Five Factors Defining Season's First Half for Bears

Gene Chamberlain

The Bears had solved their kicking problem with Eddy Pineiro, although he later displayed shaky kicking and cost them a game after winning one.

Yet the crispness evident at times in their passing game last season and the attacking running style they had with Jordan Howard were missing.

The defense knew going into the season it would be difficult to duplicate last year's forced turnover totals because turnovers tend to be more of an outlier as a statistic from year to year. But the defense was just as dominant as last year through four games.

Then came London, then came Akiem Hicks' arm injury and the Bears struggled into the the second half of the season with a losing record.

Here are the five factors most impacting their 3-5 record.

5. Improved NFC North

This extraneous factor only added pressure on the Bears for the most part. They've still played only two NFC North games, splitting them at home. However, the loss to Green Bay when the Packers' offense was entirely controlled in Week 1 not only hurt in the standings but had to be an ego bruiser. The entire NFC North stepped up early as the Vikings took off on a chase after the Packers following their loss to the Bears. The Lions even shared first for a while and still remain ahead of the Bears coming into Sunday's game at Soldier Field. Regardless of any improvements the Bears hoped to make, the improved NFC North was going to make repeating last year difficult.

4. Struggling Top Draft Picks

Bears 2016 first-round pick Leonard Floyd made two opening-night sacks of Aaron Rodgers, then didn't get another one until Sunday against the Eagles to close the season's first half. Bears 2017 first-round pick Mitchell Trubisky hasn't stepped into Year 2 of the Matt Nagy attack knowing it like the back of his hand, as had been promised. Bears 2018 first-round pick Roquan Smith went from making the NFL All-Rookie Team last year to struggling with a personal issue and playing at an inconsistently level. Tight end Adam Shaheen was the 2017 second-round pick who came to the league out of a small Division II school and still hasn't seemed to fit into his role. He's made 26 receptions in 27 career games. James Daniels was a promising 2018 second-round pick at guard and moved to his so-called natural position of center this year and has had trouble assuming this important role in the offense. Their 2015 first-round pick was receiver Kevin White and he's long gone as a bust, along with their 2015 third-round pick, Hroniss Grasu.

3. Akiem Hicks' injury

The cornerstone of the defensive line has been Akiem Hicks. The Bears overcame a knee injury and a missed game he had against the Vikings behind Nick Williams and Roy Robertson-Harris, but the line backups were exposed by the Raiders' double-teaming, chop blocking and cutback running after Hicks went out with an arm injury.
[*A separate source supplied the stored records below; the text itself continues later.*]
(* Assume $(g,\mathfrak{D})$ satisfy B1–B3 with constant $\kappa>0$. Then for every $X\in\mathbb{R}^{m\times n}$ and every $D\in\mathfrak{D}$, with the norm $\|\cdot\|=\|\cdot\|_{1\to2}$, $$L_X(D)\le\frac{2}{n\sqrt\kappa}\|X\|_F^2,\qquad C_X(D)\le\frac{2}{n\kappa}\|X\|_F^2.$$
   Context: $\mathfrak{D}\subset\mathbb{R}^{m\times d}$. B1: $g=\chi_{\mathcal K}$ is the indicator of a set $\mathcal K\subset\mathbb{R}^d$ ($0$ on $\mathcal K$, $+\infty$ outside); B2: $\kappa\|\alpha\|_1^2\le\|D\alpha\|_2^2$ for all $\alpha\in\mathcal K$, $D\in\mathfrak{D}$; B3: $0\in\mathcal K$. $\mathcal{L}_x(D,\alpha)=\tfrac12\|x-D\alpha\|_2^2+g(\alpha)$, $f_x(D)=\inf_\alpha\mathcal{L}_x(D,\alpha)$. $\|\Delta\|_{1\to2}=\max_j\|\delta_j\|_2$ with dual norm $\|\cdot\|_\star$ w.r.t. the Frobenius inner product. For $X=[x_1,\dots,x_n]$ and $\epsilon>0$, $\mathfrak{A}_\epsilon(X,D)=\{A=[\alpha_1,\dots,\alpha_n]:\ \mathcal{L}_{x_i}(D,\alpha_i)\le f_{x_i}(D)+\epsilon\ \forall i\}$; $L_X(D)=\inf_{\epsilon>0}\sup_{A\in\mathfrak{A}_\epsilon(X,D)}\frac1n\|(X-DA)A^\top\|_\star$, $C_X(D)=\inf_{\epsilon>0}\sup_{A\in\mathfrak{A}_\epsilon(X,D)}\frac1{2n}\sum_i\|\alpha_i\|_1^2$. *)

theory Defs
  imports "HOL-Analysis.Analysis"
begin

text \<open>Matrices in R^{m x d} are rendered as real^'d^'m (rows indexed by 'm, columns by 'd);
  columns are obtained with column.  Extended-real values are used for g, L, f, sup, inf.\<close>

definition chi :: "(real^'d) set \<Rightarrow> real^'d \<Rightarrow> ereal" where
  "chi K \<alpha> = (if \<alpha> \<in> K then 0 else \<infinity>)"

definition l1norm :: "real^'d \<Rightarrow> real" where
  "l1norm \<alpha> = (\<Sum>j\<in>UNIV. \<bar>\<alpha> $ j\<bar>)"

definition norm12 :: "real^'d^'m \<Rightarrow> real" where
  "norm12 M = Max (range (\<lambda>j. norm (column j M)))"

definition frob_inner :: "real^'d^'m \<Rightarrow> real^'d^'m \<Rightarrow> real" where
  "frob_inner M N = (\<Sum>i\<in>UNIV. \<Sum>j\<in>UNIV. M $ i $ j * N $ i $ j)"

definition dual12 :: "real^'d^'m \<Rightarrow> real" where
  "dual12 M = Sup {frob_inner M \<Delta> | \<Delta>. norm12 \<Delta> \<le> 1}"

definition frob_sq :: "real^'n^'m \<Rightarrow> real" where
  "frob_sq X = (\<Sum>i\<in>UNIV. \<Sum>j\<in>UNIV. (X $ i $ j)^2)"

definition LL :: "(real^'d \<Rightarrow> ereal) \<Rightarrow> real^'m \<Rightarrow> real^'d^'m \<Rightarrow> real^'d \<Rightarrow> ereal" where
  "LL g x D \<alpha> = ereal (1/2 * (norm (x - D *v \<alpha>))^2) + g \<alpha>"

definition ff :: "(real^'d \<Rightarrow> ereal) \<Rightarrow> real^'m \<Rightarrow> real^'d^'m \<Rightarrow> ereal" where
  "ff g x D = (INF \<alpha>. LL g x D \<alpha>)"

definition Aeps :: "(real^'d \<Rightarrow> ereal) \<Rightarrow> real \<Rightarrow> real^'n^'m \<Rightarrow> real^'d^'m \<Rightarrow> (real^'n^'d) set" where
  "Aeps g eps X D = {A. \<forall>i. LL g (column i X) D (column i A) \<le> ff g (column i X) D + ereal eps}"

definition LX :: "(real^'d \<Rightarrow> ereal) \<Rightarrow> real^'n^'m \<Rightarrow> real^'d^'m \<Rightarrow> ereal" where
  "LX g X D = (INF eps\<in>{0<..}. SUP A\<in>Aeps g eps X D.
      ereal (dual12 ((X - D ** A) ** transpose A) / real CARD('n)))"

definition CX :: "(real^'d \<Rightarrow> ereal) \<Rightarrow> real^'n^'m \<Rightarrow> real^'d^'m \<Rightarrow> ereal" where
  "CX g X D = (INF eps\<in>{0<..}. SUP A\<in>Aeps g eps X D.
      ereal (1 / (2 * real CARD('n)) * (\<Sum>i\<in>UNIV. (l1norm (column i A))^2)))"

end

theory Submission
  imports Defs
begin

text \<open>An \<open>\<epsilon>\<close>-minimiser \<open>\<alpha>\<close> of \<open>1/2 \<parallel>x - D\<alpha>\<parallel>\<^sup>2\<close> over \<open>K\<close> does at most \<open>\<epsilon>\<close> worse than
  the feasible point \<open>0\<close>, so \<open>\<parallel>x - D\<alpha>\<parallel>\<^sup>2 \<le> \<parallel>x\<parallel>\<^sup>2 + 2\<epsilon>\<close>; by the triangle inequality
  \<open>\<parallel>D\<alpha>\<parallel>\<^sup>2 \<le> 4(\<parallel>x\<parallel>\<^sup>2 + 2\<epsilon>)\<close>, which B2 turns into \<open>\<kappa>\<parallel>\<alpha>\<parallel>\<^sub>1\<^sup>2 \<le> 4(\<parallel>x\<parallel>\<^sup>2 + 2\<epsilon>)\<close>.
  The dual \<open>1\<rightarrow>2\<close> norm of \<open>(X - DA)A\<^sup>T\<close> is at most \<open>\<Sum>\<^sub>i \<parallel>x\<^sub>i - D\<alpha>\<^sub>i\<parallel> \<parallel>\<alpha>\<^sub>i\<parallel>\<^sub>1\<close>, so summing
  the column bounds and letting \<open>\<epsilon> \<rightarrow> 0\<close> gives both estimates.\<close>

lemma near_minimizer_chi:
  fixes x :: "real^'m" and D :: "real^'d^'m"
  assumes "0 \<in> K" and "LL (chi K) x D \<alpha> \<le> ff (chi K) x D + ereal eps"
  shows "\<alpha> \<in> K" and "norm (x - D *v \<alpha>)^2 \<le> norm x^2 + 2*eps"
proof -
  have "ff (chi K) x D \<le> LL (chi K) x D 0" unfolding ff_def by (rule INF_lower) simp
  also have "\<dots> = ereal (1/2 * norm x^2)" using assms(1) by (simp add: LL_def chi_def)
  finally have bound: "LL (chi K) x D \<alpha> \<le> ereal (1/2 * norm x^2 + eps)"
    using assms(2) by (metis add_right_mono order.trans plus_ereal.simps(1))
  show "\<alpha> \<in> K"
  proof (rule ccontr)
    assume "\<alpha> \<notin> K"
    then have "LL (chi K) x D \<alpha> = \<infinity>" by (simp add: LL_def chi_def)
    with bound show False by simp
  qed
  then show "norm (x - D *v \<alpha>)^2 \<le> norm x^2 + 2*eps"
    using bound by (simp add: LL_def chi_def)
qed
He remains on injured reserve, hoping to return in December. Meanwhile, opponent after opponent tries to take advantage of the gap Hicks' absence causes. The Eagles exploited it well last week with running backs Jordan Howard and Miles Sanders.

2. Failure to Launch the Run

Is it the inability to block for the run or inability to block the run in Nagy's offense? Or is it their refusal to stick with the run? When the Bears went to the offset or even power I-formation with more power concepts in their blocking than the drop-step and zone blocking they'd been using, then they actually ran it with more consistency and explosiveness. Rookie David Montgomery looks like a back who can run in either blocking scheme, he just needs an opening however they achieve it. The use of J.P. Holtz as a fullback seemed to add something to the blocking and Montgomery broke a 55-yarder against the L.A. Chargers. Yet Nagy seems reluctant to go with this even if it's working. After all, it isn't really his offense, just a small part of his attack to be used in case of emergency. This almost seems like there is ego involved, but Nagy dislikes losing so much it would seem to outweigh any desire he might have of running it his own way.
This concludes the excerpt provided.